[Opening Records for this task section]

(* Let $k\ge1$, $\alpha_i\in(1,2)$ and $l_i>0$ for $i=1,\dots,k$. Let $Q_{\mathbf n}=T_{\mathbf n}(q_{\boldsymbol\alpha})$ with $q_{\boldsymbol\alpha}(\boldsymbol\theta)=\sum_{i=1}^kl_i|\theta_i|^{\alpha_i}$, and let $R_{\mathbf n}=T_{\mathbf n}(r_{\boldsymbol\alpha})$ with $r_{\boldsymbol\alpha}(\boldsymbol\theta)=\sum_{i=1}^k l_i(2-2\cos\theta_i)^{\alpha_i/2}$, equivalently $R_{\mathbf n}=\sum_{i=1}^k I_{n_1\cdots n_{i-1}}\otimes l_iT_{n_i}\big((2-2\cos\theta)^{\alpha_i/2}\big)\otimes I_{n_{i+1}\cdots n_k}$. Then for every $\mathbf n\in\mathbb N^k$ and every nonzero $\mathbf z\in\mathbb R^{N(\mathbf n)}$, $$1<\frac{\mathbf z^\top Q_{\mathbf n}\mathbf z}{\mathbf z^\top R_{\mathbf n}\mathbf z}<\frac{\pi^2}{4}.$$
   Context: $N(\mathbf n)=n_1\cdots n_k$. For $h\in L^1([-\pi,\pi]^k)$, $T_{\mathbf n}(h)=[\hat h_{\mathbf i-\mathbf j}]_{\mathbf i,\mathbf j=\mathbf 1}^{\mathbf n}$ is the $k$-level Toeplitz matrix with Fourier coefficients $\hat h_{\mathbf j}=\frac1{(2\pi)^k}\int h(\boldsymbol\theta)e^{\iota\langle\mathbf j,\boldsymbol\theta\rangle}d\boldsymbol\theta$; unilevel $T_n(h)$ analogously. *)

theory Defs
  imports "HOL-Analysis.Analysis"
begin

text \<open>k-level setting: the levels are indexed by a finite type 'k (so k = CARD('k) \<ge> 1).
  A symbol h is a function on real^'k; its Fourier coefficients are taken over [-pi,pi]^k.\<close>

definition fourier_coeff :: "(real^'k \<Rightarrow> real) \<Rightarrow> ('k \<Rightarrow> int) \<Rightarrow> complex" where
  "fourier_coeff h j =
     integral (cbox (\<chi> i. - pi) (\<chi> i. pi))
       (\<lambda>\<theta>. complex_of_real (h \<theta>) *
             exp (\<i> * complex_of_real (\<Sum>l\<in>UNIV. real_of_int (j l) * \<theta> $ l)))
     / complex_of_real ((2 * pi) ^ CARD('k))"

definition multi_idx :: "('k \<Rightarrow> nat) \<Rightarrow> ('k \<Rightarrow> nat) set" where
  "multi_idx n = {i. \<forall>l. i l < n l}"

definition toeplitz_entry :: "(real^'k \<Rightarrow> real) \<Rightarrow> ('k \<Rightarrow> nat) \<Rightarrow> ('k \<Rightarrow> nat) \<Rightarrow> complex" where
  "toeplitz_entry h i j = fourier_coeff h (\<lambda>l. int (i l) - int (j l))"

definition toeplitz_qform :: "(real^'k \<Rightarrow> real) \<Rightarrow> ('k \<Rightarrow> nat) \<Rightarrow> (('k \<Rightarrow> nat) \<Rightarrow> real) \<Rightarrow> complex" where
  "toeplitz_qform h n z =
     (\<Sum>i\<in>multi_idx n. \<Sum>j\<in>multi_idx n.
        complex_of_real (z i) * toeplitz_entry h i j * complex_of_real (z j))"

end

theory Submission
  imports Defs "HOL-Computational_Algebra.Polynomial"
begin
theorem ribbon_wf_deletion_contraction:
  assumes wf: "ribbon_wf V E src tgt rot" and root: "r \<in> V"
    and edge: "e \<in> E" "src e \<noteq> tgt e" and dk: "{d, k} = {src e, tgt e}" "d \<noteq> r"
    and delD: "\<And>v. v \<in> V \<Longrightarrow> cyc_compat (rotD v) (filter (\<lambda>h. fst h \<noteq> e) (rot v))"
    and contrC_merged: "cyc_compat (rotC k) (merged_rot src tgt rot e)"
    and contrC_other: "\<And>v. v \<in> V - {src e, tgt e} \<Longrightarrow> cyc_compat (rotC v) (rot v)"
  shows "det_on (Midx E V r) (Mmat \<theta> \<alpha> V rot)
       = \<alpha> e * det_on (Midx (E - {e}) V r) (Mmat \<theta> \<alpha> V rotD)
         + det_on (Midx (E - {e}) (V - {d}) r) (Mmat \<theta> \<alpha> (V - {d}) rotC)"
proof -
  have "d \<noteq> k"
    using dk(1) edge(2) by (auto simp: doubleton_eq_iff)
  define rot' where "rot' = rot(d := (e, d = src e) # cut_after e (rot d), k := (e, d \<noteq> src e) # cut_after e (rot k))"
  interpret edge_at_front V E rot' e d k "d = src e" "cut_after e (rot d)" "cut_after e (rot k)"
    unfolding rot'_def by (rule ribbon_wf_edge_at_front(1)[OF wf edge dk(1) \<open>d \<noteq> k\<close>])
  have cyc: "cyc_compat (rot' v) (rot v)" if "v \<in> V" for v
    unfolding rot'_def by (rule ribbon_wf_edge_at_front(2)[OF wf edge dk(1) \<open>d \<noteq> k\<close> that])
  have bal: "balanced V E rot'"
    using balanced_cyc_compat[OF ribbon_wf_balanced[OF wf] cyc] .
  have rotD: "cyc_compat (rotD v) (filter (\<lambda>h. fst h \<noteq> e) (rot' v))" if "v \<in> V" for v
    by (rule cyc_compat_trans[OF delD[OF that] cyc_compat_filter[OF cyc_compat_sym[OF cyc[OF that]]]])
  have rotC: "cyc_compat (rotC v) (contracted v)" if v: "v \<in> V - {d}" for v
  proof (cases "v = k")
    case True
    then show ?thesis
      using cyc_compat_trans[OF contrC_merged
          cyc_compat_merged_rot[where src = src and tgt = tgt and e = e, OF dk(1) \<open>d \<noteq> k\<close>]]
      by (simp add: contracted_def)
  next
    case False
    with v dk(1) have "v \<in> V - {src e, tgt e}" by auto
    with False v show ?thesis
      using contrC_other unfolding contracted_def by (simp add: rot'_def)
  qed
  have "det_on (Midx E V r) (Mmat \<theta> \<alpha> V rot) = det_on (Midx E V r) (Mmat \<theta> \<alpha> V rot')"
    by (rule det_Mmat_cyc_compat[OF bal finite_V finite_E root]) (rule cyc_compat_sym[OF cyc])
  also have "\<dots> = \<alpha> e * det_on (Midx (E - {e}) V r) (Mmat \<theta> \<alpha> V rotD)
      + det_on (Midx (E - {e}) (V - {d}) r) (Mmat \<theta> \<alpha> (V - {d}) rotC)"
    by (rule det_Mmat_deletion_contraction_cyc_compat[OF bal root dk(2) rotD rotC])
  finally show ?thesis .
qed

theorem theorem5p1:
  fixes V :: "'v set" and E :: "'e set" and src tgt :: "'e \<Rightarrow> 'v"
    and rot rotD rotC :: "'v \<Rightarrow> ('e \<times> bool) list"
    and r :: 'v and e :: 'e and \<theta> :: real and \<alpha> :: "'e \<Rightarrow> real"
  assumes wf: "ribbon_wf V E src tgt rot"
    and root: "r \<in> V"
    and conn: "graph_connected V E src tgt"
    and theta: "\<theta> > 0"
    and edge: "e \<in> E" "src e \<noteq> tgt e"
    and connD: "graph_connected V (E - {e}) src tgt"
    and delD: "\<forall>v\<in>V. cyc_compat (rotD v) (filter (\<lambda>h. fst h \<noteq> e) (rot v))"
    and contrC_merged: "cyc_compat (rotC (keepv src tgt r e)) (merged_rot src tgt rot e)"
    and contrC_other: "\<forall>v\<in>V - {src e, tgt e}. cyc_compat (rotC v) (rot v)"
  shows "det_on (Midx E V r) (Mmat \<theta> \<alpha> V rot)
         = \<alpha> e * det_on (Midx (E - {e}) V r) (Mmat \<theta> \<alpha> V rotD)
           + det_on (Midx (E - {e}) (V - {dropv src tgt r e}) r)
                    (Mmat \<theta> \<alpha> (V - {dropv src tgt r e}) rotC)"
  \<comment> \<open>the identity holds without the connectivity hypotheses and for every \<theta>\<close>
proof (rule ribbon_wf_deletion_contraction[OF wf root edge, where k = "keepv src tgt r e"])
  show "{dropv src tgt r e, keepv src tgt r e} = {src e, tgt e}" "dropv src tgt r e \<noteq> r"
    using edge(2) by (auto simp: dropv_def keepv_def)
qed (use delD contrC_merged contrC_other in auto)
lemma S_sum_le_3:
  assumes "density \<rho>"
  shows "S (red_AB \<rho>) + S (red_AC \<rho>) + S (red_BC \<rho>) \<le> 3"
proof -
  obtain us where us: "\<rho> = (\<lambda>i j. \<Sum>u\<leftarrow>us. outer u i j)"
    using psd_eq_sum_outer assms unfolding density_def by blast
  have "complex_of_real (\<Sum>u\<leftarrow>us. sqnorm u) = trace \<rho>"
    unfolding us trace_sum_list trace_outer by (induction us) simp_all
  then have trace: "(\<Sum>u\<leftarrow>us. sqnorm u) = 1"
    using assms unfolding density_def by simp
  have "L2_set (corr_vec \<rho>) corr_index =
      L2_set (\<lambda>x. \<Sum>u\<leftarrow>us. corr_vec (outer u) x) corr_index"
    unfolding us corr_vec_sum_list ..
  also have "\<dots> \<le> (\<Sum>u\<leftarrow>us. L2_set (corr_vec (outer u)) corr_index)"
    by (rule L2_set_sum_list_le)
  also have "\<dots> = sqrt 3"
    unfolding L2_set_corr_vec_outer sum_list_const_mult trace by simp
  finally have "(L2_set (corr_vec \<rho>) corr_index)\<^sup>2 \<le> (sqrt 3)\<^sup>2"
    using power_mono L2_set_nonneg by blast
  then show ?thesis unfolding S_sum_eq_L2_set_corr_vec by simp
qed

definition w_vec :: "bool \<times> bool \<times> bool \<Rightarrow> complex" where
  "w_vec x = (if x = (False, True, True) \<or> x = (True, False, True) then 1
              else if x = (True, True, False) then 2 else 0)"

definition w_state :: "(bool \<times> bool \<times> bool) op" where
  "w_state = (\<lambda>i j. outer w_vec i j / 6)"

lemma density_w_state: "density w_state"
proof -
  have "psd w_state"
    using psd_div[OF psd_outer, of 6 w_vec] unfolding w_state_def by simp
  moreover have "trace w_state = 1"
    unfolding trace_def w_state_def outer_def w_vec_def by (simp add: UNIV_bool_triple)
  ultimately show ?thesis unfolding density_def by blast
qed

lemma S_w_state: "S (red_AC w_state) = 4/3" "S (red_BC w_state) = 4/3"
  unfolding S_def corr_def red_AC_def red_BC_def w_state_def outer_def w_vec_def trace_def
    mprod_def tensor_def pauli_def
  by (simp_all add: UNIV_bool_pair UNIV_bool power2_eq_square)

theorem theorem1:
  shows "(\<forall>\<rho> :: (bool \<times> bool \<times> bool) op. density \<rho> \<longrightarrow>
            \<not> (S (red_AB \<rho>) > 1 \<and> S (red_AC \<rho>) > 1 \<and> S (red_BC \<rho>) > 1))
       \<and> (\<exists>\<rho> :: (bool \<times> bool \<times> bool) op. density \<rho> \<and>
            ((S (red_AB \<rho>) > 1 \<and> S (red_AC \<rho>) > 1) \<or>
             (S (red_AB \<rho>) > 1 \<and> S (red_BC \<rho>) > 1) \<or>
             (S (red_AC \<rho>) > 1 \<and> S (red_BC \<rho>) > 1)))"
proof
  show "\<forall>\<rho> :: (bool \<times> bool \<times> bool) op. density \<rho> \<longrightarrow>
            \<not> (S (red_AB \<rho>) > 1 \<and> S (red_AC \<rho>) > 1 \<and> S (red_BC \<rho>) > 1)"
    using S_sum_le_3 by fastforce
  show "\<exists>\<rho> :: (bool \<times> bool \<times> bool) op. density \<rho> \<and>
            ((S (red_AB \<rho>) > 1 \<and> S (red_AC \<rho>) > 1) \<or>
             (S (red_AB \<rho>) > 1 \<and> S (red_BC \<rho>) > 1) \<or>
             (S (red_AC \<rho>) > 1 \<and> S (red_BC \<rho>) > 1))"
    using density_w_state S_w_state by (intro exI[of _ w_state]) simp
qed

end
lemma second_injection_is_kernel:
  assumes inj: "product_injections C A B P p1 p2 i1 i2"
  shows "is_kernel C p1 i2"
proof -
  have P: "is_product C A B P p1 p2" and i2: "hom C i2 B P"
    and p1i2: "p1 \<cdot> i2 = zero_arr C B A" and p2i2: "p2 \<cdot> i2 = Id C B"
    using inj unfolding product_injections_def by auto
  have p: "hom C p1 P A" "hom C p2 P B" using product_homs[OF P] by auto
  have D: "Dom C i2 = B" "Dom C p1 = P" "Cod C p1 = A" using homD[OF i2] homD[OF p(1)] by auto
  show ?thesis
    unfolding is_kernel_def D
  proof (intro conjI allI impI)
    show "p1 \<in> Arr C" using homD[OF p(1)] by blast
    show "hom C i2 B P" "p1 \<cdot> i2 = zero_arr C B A" by fact+
    fix W u assume u: "hom C u W P" and p1u: "p1 \<cdot> u = zero_arr C W A"
    have h: "hom C (p2 \<cdot> u) W B" using hom_Comp[OF u p(2)] .
    have "i2 \<cdot> (p2 \<cdot> u) = u"
    proof (rule product_arr_eqI[OF P hom_Comp[OF h i2] u])
      show "p1 \<cdot> (i2 \<cdot> (p2 \<cdot> u)) = p1 \<cdot> u"
        using Comp_assoc[OF h i2 p(1)] p1i2 zero_arr_Comp[OF h] hom_Obj[OF p(1)] p1u by simp
      show "p2 \<cdot> (i2 \<cdot> (p2 \<cdot> u)) = p2 \<cdot> u"
        using Comp_assoc[OF h i2 p(2)] p2i2 Comp_Id_left[OF h] by simp
    qed
    moreover have "h' = p2 \<cdot> u" if h': "hom C h' W B" and "i2 \<cdot> h' = u" for h'
      using that Comp_assoc[OF h' i2 p(2)] p2i2 Comp_Id_left[OF h'] by simp
    ultimately show "\<exists>!h. hom C h W B \<and> i2 \<cdot> h = u" using h by blast
  qed
qed

lemma product_split_ext:
  assumes inj: "product_injections C A B P p1 p2 i1 i2"
    and \<sigma>: "hom C \<sigma> A P" and p1\<sigma>: "p1 \<cdot> \<sigma> = Id C A"
  shows "split_ext C i2 p1 \<sigma>"
proof -
  have "hom C p1 P A" using inj product_homs unfolding product_injections_def by blast
  then show ?thesis
    using second_injection_is_kernel[OF inj] \<sigma> p1\<sigma> homD unfolding split_ext_def by metis
qed

lemma zero_product:
  assumes Z: "zero_obj C Z" and X: "X \<in> Obj C"
  shows "is_product C Z X X (zero_arr C X Z) (Id C X)"
  unfolding is_product_def
proof (intro conjI allI impI)
  show "hom C (zero_arr C X Z) X Z" using hom_zero_arr[OF X zero_obj_Obj[OF Z]] .
  show "hom C (Id C X) X X" using hom_Id[OF X] .
  fix W u v assume u: "hom C u W Z" and v: "hom C v W X"
  have "zero_arr C X Z \<cdot> v = u"
    using hom_to_zero_unique[OF Z hom_Comp[OF v hom_zero_arr[OF X zero_obj_Obj[OF Z]]] u] .
  then show "\<exists>!h. hom C h W X \<and> zero_arr C X Z \<cdot> h = u \<and> Id C X \<cdot> h = v"
    using v Comp_Id_left by (metis (no_types, lifting))
qed

lemma zero_commutes_with_id:
  assumes Z: "zero_obj C Z" and X: "X \<in> Obj C"
  shows "commutes_with_id C X (zero_arr C Z X)"
proof -
  have ZO: "Z \<in> Obj C" using zero_obj_Obj[OF Z] .
  define z where "z = zero_arr C Z X"
  have z: "hom C z Z X" unfolding z_def using hom_zero_arr[OF ZO X] .
  have "product_injections C Z X X (zero_arr C X Z) (Id C X) z (Id C X)"
    unfolding product_injections_def
    using zero_product[OF Z X] z hom_Id[OF X] hom_zero_arr[OF X ZO]
      hom_to_zero_unique[OF Z hom_Comp[OF z hom_zero_arr[OF X ZO]] hom_Id[OF ZO]]
      Comp_Id_left[OF z] Comp_Id_right[OF hom_zero_arr[OF X ZO]] Comp_Id_left[OF hom_Id[OF X]]
    by (simp add: z_def)
  moreover have "Dom C z = Z" using homD[OF z] by blast
  ultimately have "commutes_with_id C X z"
    unfolding commutes_with_id_iff using z hom_Id[OF X] Comp_Id_left[OF z]
      Comp_Id_left[OF hom_Id[OF X]] by blast
  then show ?thesis unfolding z_def .
qed

lemma trivial_center_iff:
  assumes X: "X \<in> Obj C"
  shows "trivial_center C X \<longleftrightarrow> (\<forall>g. commutes_with_id C X g \<longrightarrow> g = zero_arr C (Dom C g) X)"
proof
  assume "trivial_center C X"
  then obtain Z z where center: "is_center C X Z z" and Z: "zero_obj C Z"
    unfolding trivial_center_def by blast
  show "\<forall>g. commutes_with_id C X g \<longrightarrow> g = zero_arr C (Dom C g) X"
  proof (intro allI impI)
    fix g assume "commutes_with_id C X g"
    then obtain h where "hom C h (Dom C g) Z" and "z \<cdot> h = g"
      using center unfolding is_center_def by blast
    then show "g = zero_arr C (Dom C g) X"
      using zero_arr_eq[OF Z] center unfolding is_center_def by metis
  qed
next
  assume zero: "\<forall>g. commutes_with_id C X g \<longrightarrow> g = zero_arr C (Dom C g) X"
  obtain Z where Z: "zero_obj C Z" using ex_zero_obj by blast
  define z where "z = zero_arr C Z X"
  have z: "hom C z Z X" unfolding z_def using hom_zero_arr[OF zero_obj_Obj[OF Z] X] .
  have "commutes_with_id C X z" unfolding z_def using zero_commutes_with_id[OF Z X] .
  moreover have "\<exists>!h. hom C h (Dom C g) Z \<and> z \<cdot> h = g" if g: "commutes_with_id C X g" for g
  proof -
    have DO: "Dom C g \<in> Obj C" using g hom_Obj unfolding commutes_with_id_def by blast
    obtain h where h: "hom C h (Dom C g) Z" using ex_hom_to_zero[OF Z DO] by blast
    have "z \<cdot> h = g" using zero_arr_Comp[OF h X] zero g unfolding z_def by simp
    then show ?thesis using h hom_to_zero_unique[OF Z] by blast
  qed
  ultimately have "is_center C X Z z" unfolding is_center_def using z by blast
  with Z show "trivial_center C X" unfolding trivial_center_def by (intro exI conjI)
qed

lemma strong_complete_imp_trivial_center:
  assumes X: "X \<in> Obj C" and sc: "strong_complete C X"
  shows "trivial_center C X"
  unfolding trivial_center_iff[OF X]
proof (intro allI impI)
  fix g assume "commutes_with_id C X g"
  then obtain P p1 p2 i1 i2 \<phi> where inj: "product_injections C (Dom C g) X P p1 p2 i1 i2"
    and \<phi>: "hom C \<phi> P X" "\<phi> \<cdot> i1 = g" "\<phi> \<cdot> i2 = Id C X"
    unfolding commutes_with_id_iff by blast
  have i1: "hom C i1 (Dom C g) P" "p1 \<cdot> i1 = Id C (Dom C g)" "p2 \<cdot> i1 = zero_arr C (Dom C g) X"
    and i2: "hom C i2 X P" "p2 \<cdot> i2 = Id C X" and P: "is_product C (Dom C g) X P p1 p2"
    using inj unfolding product_injections_def by auto
  have p2: "hom C p2 P X" using product_homs[OF P] by blast
  have "protosplit_mono C i2"
    unfolding protosplit_mono_iff_split_ext using product_split_ext[OF inj i1(1,2)] by blast
  then have "\<exists>!r. hom C r (Cod C i2) X \<and> r \<cdot> i2 = Id C X"
    using sc[unfolded strong_complete_def, rule_format] homD[OF i2(1)] by blast
  then have "\<phi> = p2" using \<phi> p2 i2 homD[OF i2(1)] by auto
  then show "g = zero_arr C (Dom C g) X" using \<phi>(2) i1(3) by simp
qed

end

locale finitely_complete_pointed_category = pointed_category +
  assumes finite_limits: "finite_limits C"
begin

lemma ex_pullback:
  assumes "hom C f A Y" and "hom C g B Y"
  obtains P p q where "is_pullback C f g P p q"
  using assms finite_limits unfolding finite_limits_def hom_def by metis

lemma ex_product:
  assumes A: "A \<in> Obj C" and B: "B \<in> Obj C"
  obtains P p1 p2 where "is_product C A B P p1 p2"
proof -
  obtain Z where Z: "zero_obj C Z" using ex_zero_obj by blast
  obtain a b where a: "hom C a A Z" and b: "hom C b B Z"
    using ex_hom_to_zero[OF Z A] ex_hom_to_zero[OF Z B] by blast
  obtain P p q where pb: "is_pullback C a b P p q" using ex_pullback[OF a b] .
  have D: "Dom C a = A" "Dom C b = B" using homD[OF a] homD[OF b] by auto
  have "is_product C A B P p q"
    unfolding is_product_def
  proof (intro conjI allI impI)
    show "hom C p P A" "hom C q P B" using pb D unfolding is_pullback_def by auto
    fix W u v assume u: "hom C u W A" and v: "hom C v W B"
    have "a \<cdot> u = b \<cdot> v" using hom_to_zero_unique[OF Z hom_Comp[OF u a] hom_Comp[OF v b]] .
    then show "\<exists>!h. hom C h W P \<and> p \<cdot> h = u \<and> q \<cdot> h = v"
      using pb u v D unfolding is_pullback_def by auto
  qed
  then show ?thesis using that by blast
qed

lemma ex_equalizer:
  assumes f: "hom C f A Y" and f': "hom C f' A Y"
  obtains E e where "is_equalizer C f f' E e"
proof -
  have A: "A \<in> Obj C" and Y: "Y \<in> Obj C" using hom_Obj[OF f] by auto
  obtain Q q1 q2 where Q: "is_product C A Y Q q1 q2" using ex_product[OF A Y] .
  have q: "hom C q1 Q A" "hom C q2 Q Y" using product_homs[OF Q] by auto
  obtain g where g: "hom C g A Q" "q1 \<cdot> g = Id C A" "q2 \<cdot> g = f"
    using product_pair[OF Q hom_Id[OF A] f] .
  obtain g' where g': "hom C g' A Q" "q1 \<cdot> g' = Id C A" "q2 \<cdot> g' = f'"
    using product_pair[OF Q hom_Id[OF A] f'] .
  have q1g: "q1 \<cdot> (g \<cdot> u) = u" "q1 \<cdot> (g' \<cdot> u) = u" if u: "hom C u W A" for W u
    using Comp_assoc[OF u g(1) q(1)] Comp_assoc[OF u g'(1) q(1)] g(2) g'(2) Comp_Id_left[OF u]
    by simp_all
  have q2g: "q2 \<cdot> (g \<cdot> u) = f \<cdot> u" "q2 \<cdot> (g' \<cdot> u) = f' \<cdot> u" if u: "hom C u W A" for W u
    using Comp_assoc[OF u g(1) q(2)] Comp_assoc[OF u g'(1) q(2)] g(3) g'(3) by simp_all
  have g_eq_iff: "g \<cdot> u = g' \<cdot> u \<longleftrightarrow> f \<cdot> u = f' \<cdot> u" if u: "hom C u W A" for W u
    using product_arr_eqI[OF Q hom_Comp[OF u g(1)] hom_Comp[OF u g'(1)]] q1g[OF u] q2g[OF u]
    by metis
  \<comment> \<open>The pullback of the two graphs \<open>\<langle>1, f\<rangle>\<close> and \<open>\<langle>1, f'\<rangle>\<close> is the equalizer.\<close>
  obtain E e e' where pb: "is_pullback C g g' E e e'" using ex_pullback[OF g(1) g'(1)] .
  have D: "Dom C g = A" "Dom C g' = A" using homD[OF g(1)] homD[OF g'(1)] by auto
  have e: "hom C e E A" and e': "hom C e' E A" and gee': "g \<cdot> e = g' \<cdot> e'"
    and univ: "\<And>W u v. hom C u W A \<Longrightarrow> hom C v W A \<Longrightarrow> g \<cdot> u = g' \<cdot> v \<Longrightarrow>
      \<exists>!h. hom C h W E \<and> e \<cdot> h = u \<and> e' \<cdot> h = v"
    using pb D unfolding is_pullback_def by auto
  have "e = e'" using q1g(1)[OF e] q1g(2)[OF e'] gee' by metis
  have "is_equalizer C f f' E e"
    unfolding is_equalizer_def homD[OF f, THEN conjunct2, THEN conjunct1]
  proof (intro conjI allI impI)
    show "f \<in> Arr C" using homD[OF f] by blast
    show "hom C f' A (Cod C f)" using f' homD[OF f] by simp
    show "hom C e E A" by fact
    show "f \<cdot> e = f' \<cdot> e" using g_eq_iff[OF e] gee' \<open>e = e'\<close> by simp
    fix W u assume u: "hom C u W A" and "f \<cdot> u = f' \<cdot> u"
    then have "\<exists>!h. hom C h W E \<and> e \<cdot> h = u \<and> e' \<cdot> h = u" using univ g_eq_iff by blast
    then show "\<exists>!h. hom C h W E \<and> e \<cdot> h = u" using \<open>e = e'\<close> by simp
  qed
  then show ?thesis using that by blast
qed

end

locale pointed_protomodular_category = finitely_complete_pointed_category +
  assumes protomodular: "protomodular C"
begin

[Closing Records for this task section]

-- Goal of the exercise --
Each line from the top of the data, up to and including the line that contains "complex_of_real ((2 *", should be set down exactly.

-- Result of this exercise --
(* Let $k\ge1$, $\alpha_i\in(1,2)$ and $l_i>0$ for $i=1,\dots,k$. Let $Q_{\mathbf n}=T_{\mathbf n}(q_{\boldsymbol\alpha})$ with $q_{\boldsymbol\alpha}(\boldsymbol\theta)=\sum_{i=1}^kl_i|\theta_i|^{\alpha_i}$, and let $R_{\mathbf n}=T_{\mathbf n}(r_{\boldsymbol\alpha})$ with $r_{\boldsymbol\alpha}(\boldsymbol\theta)=\sum_{i=1}^k l_i(2-2\cos\theta_i)^{\alpha_i/2}$, equivalently $R_{\mathbf n}=\sum_{i=1}^k I_{n_1\cdots n_{i-1}}\otimes l_iT_{n_i}\big((2-2\cos\theta)^{\alpha_i/2}\big)\otimes I_{n_{i+1}\cdots n_k}$. Then for every $\mathbf n\in\mathbb N^k$ and every nonzero $\mathbf z\in\mathbb R^{N(\mathbf n)}$, $$1<\frac{\mathbf z^\top Q_{\mathbf n}\mathbf z}{\mathbf z^\top R_{\mathbf n}\mathbf z}<\frac{\pi^2}{4}.$$
   Context: $N(\mathbf n)=n_1\cdots n_k$. For $h\in L^1([-\pi,\pi]^k)$, $T_{\mathbf n}(h)=[\hat h_{\mathbf i-\mathbf j}]_{\mathbf i,\mathbf j=\mathbf 1}^{\mathbf n}$ is the $k$-level Toeplitz matrix with Fourier coefficients $\hat h_{\mathbf j}=\frac1{(2\pi)^k}\int h(\boldsymbol\theta)e^{\iota\langle\mathbf j,\boldsymbol\theta\rangle}d\boldsymbol\theta$; unilevel $T_n(h)$ analogously. *)

theory Defs
  imports "HOL-Analysis.Analysis"
begin

text \<open>k-level setting: the levels are indexed by a finite type 'k (so k = CARD('k) \<ge> 1).
  A symbol h is a function on real^'k; its Fourier coefficients are taken over [-pi,pi]^k.\<close>

definition fourier_coeff :: "(real^'k \<Rightarrow> real) \<Rightarrow> ('k \<Rightarrow> int) \<Rightarrow> complex" where
  "fourier_coeff h j =
     integral (cbox (\<chi> i. - pi) (\<chi> i. pi))
       (\<lambda>\<theta>. complex_of_real (h \<theta>) *
             exp (\<i> * complex_of_real (\<Sum>l\<in>UNIV. real_of_int (j l) * \<theta> $ l)))
     / complex_of_real ((2 * pi) ^ CARD('k))"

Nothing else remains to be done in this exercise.